Elle décrit le déclin moral avant la guerre des Balkans, lorsque les auteurs restaient impunis. Cependant, on se demande pourquoi l’auteur n’a pas raconté cette histoire précise. Aussi fascinante que soit l’imagerie cinématographique de sa bande dessinée « Relating », elle utilise toujours un voyeurisme qui laisse perplexe. L’approche consistant à vouloir comprendre les auteurs se retrouve déjà dans les œuvres antérieures, plus différenciées, de l’artiste. Dans son chef-d’œuvre « Patrie », Bunjevac évoque la vie de son père, caractérisée par des agressions physiques – et la question complexe de savoir si la violence subie conduit inévitablement les victimes à la transmettre. Ou pouvoir se libérer du cercle vicieux.

Michael Büsselberg (éd.) : Vous voulez nous le dire. Dix chansons de Tocotronic (Ventil Verlag)

Abandonnez-vous maintenant ! L’attitude face à la vie dans les premières années du 21e siècle était dynamique : les gens se tournaient vers un avenir prometteur. Le groupe de rock indépendant hambourgeois Tocotronic a vu les choses différemment et a présenté une contre-proposition avec son huitième album studio en 2007. La chanson titulaire « Capitulation » célébrait la beauté de l’échec.

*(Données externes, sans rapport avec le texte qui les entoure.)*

lemma prob_not_multiplicity_free_sample_pmf:
  fixes \<pi> :: "'a \<Rightarrow> 'b"
  assumes fin: "finite (set_pmf p)" and "0 \<le> \<mu>"
    and mass: "\<And>D. finite D \<Longrightarrow> measure_pmf.prob p {x. P x \<and> \<pi> x \<in> D} \<le> real (card D) * \<mu>"
  shows "measure_pmf.prob (sample_pmf m p) {S. \<not> multiplicity_free (image_mset \<pi> (filter_mset P S))}
    \<le> real m * real m * \<mu>"
proof (induction m)
  case 0
  then show ?case
    by (simp add: multiplicity_free_def)
next
  case (Suc m)
  define Bad where "Bad = {S. \<not> multiplicity_free (image_mset \<pi> (filter_mset P S))}"
  let ?M = "sample_pmf m p"
  have step: "measure_pmf.prob (map_pmf (\<lambda>x. add_mset x S) p) Bad \<le> indicator Bad S + real m * \<mu>"
    if "S \<in> set_pmf ?M" for S
  proof (cases "S \<in> Bad")
    case False
    have "size S = m"
      using that set_pmf_sample_pmf by blast
    then show ?thesis
      using prob_add_mset_collision_le[OF mass _ \<open>0 \<le> \<mu>\<close>, of S] False
      by (simp add: Bad_def measure_map_pmf vimage_def)
  next
    case True
    then show ?thesis
      using measure_pmf.prob_le_1 \<open>0 \<le> \<mu>\<close> by (simp add: add_increasing2)
  qed
  have "measure_pmf.prob (sample_pmf (Suc m) p) Bad
      = (\<integral>S. measure_pmf.prob (map_pmf (\<lambda>x. add_mset x S) p) Bad \<partial>?M)"
    unfolding sample_pmf_Suc_right by (rule measure_pmf_prob_bind_pmf)
  also have "\<dots> \<le> (\<integral>S. indicator Bad S + real m * \<mu> \<partial>?M)"
    using finite_set_pmf_sample_pmf[OF fin, of m] step
    by (intro integral_mono_AE AE_pmfI) (auto simp: integrable_measure_pmf_finite)
  also have "\<dots> = measure_pmf.prob ?M Bad + real m * \<mu>"
    using finite_set_pmf_sample_pmf[OF fin, of m] by (simp add: integrable_measure_pmf_finite)
  also have "\<dots> \<le> real (Suc m) * real (Suc m) * \<mu>"
    using Suc \<open>0 \<le> \<mu>\<close> by (simp add: Bad_def algebra_simps add_increasing)
  finally show ?case
    by (simp add: Bad_def)
qed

Avec son attitude contestataire très particulière, le groupe fondé en 1993 était en avance sur son temps. Il y en a désormais un sous le titre « Vous voulez nous le dire ». Bande dessinée est apparu dans lequel dix chansons de Tocotronic ont été transformées en nouvelles par autant d’illustrateurs. Dans « Capitulation », divers animaux et une silhouette humaine très mince se réunissent lors d’un pique-nique dans la forêt (illustration : Anna Haifisch). La chanson « Attends-moi au fond de la piscine », publiée en 2013, offre des vues d’un lieu négligé dans la version de Julia Bernhard Appartement unique dans lequel la nature envahit de plus en plus – et à la fin un nouvel amour queer émerge. Dans « Let There Be Rock » de l’album « KOOK » (1999), une fille ratée retourne vivre chez ses parents dans la petite ville. Pour chaque chanson, le chanteur de Tocotronic Dirk von Lowtzow explique comment elle est née et ce qu’il veut raconter. Au fait, il y a un morceau bonus Bande dessinée du batteur Arne Zank, qui parle des vestes d’entraînement emblématiques du groupe – et de la façon dont ils ont fait connaissance.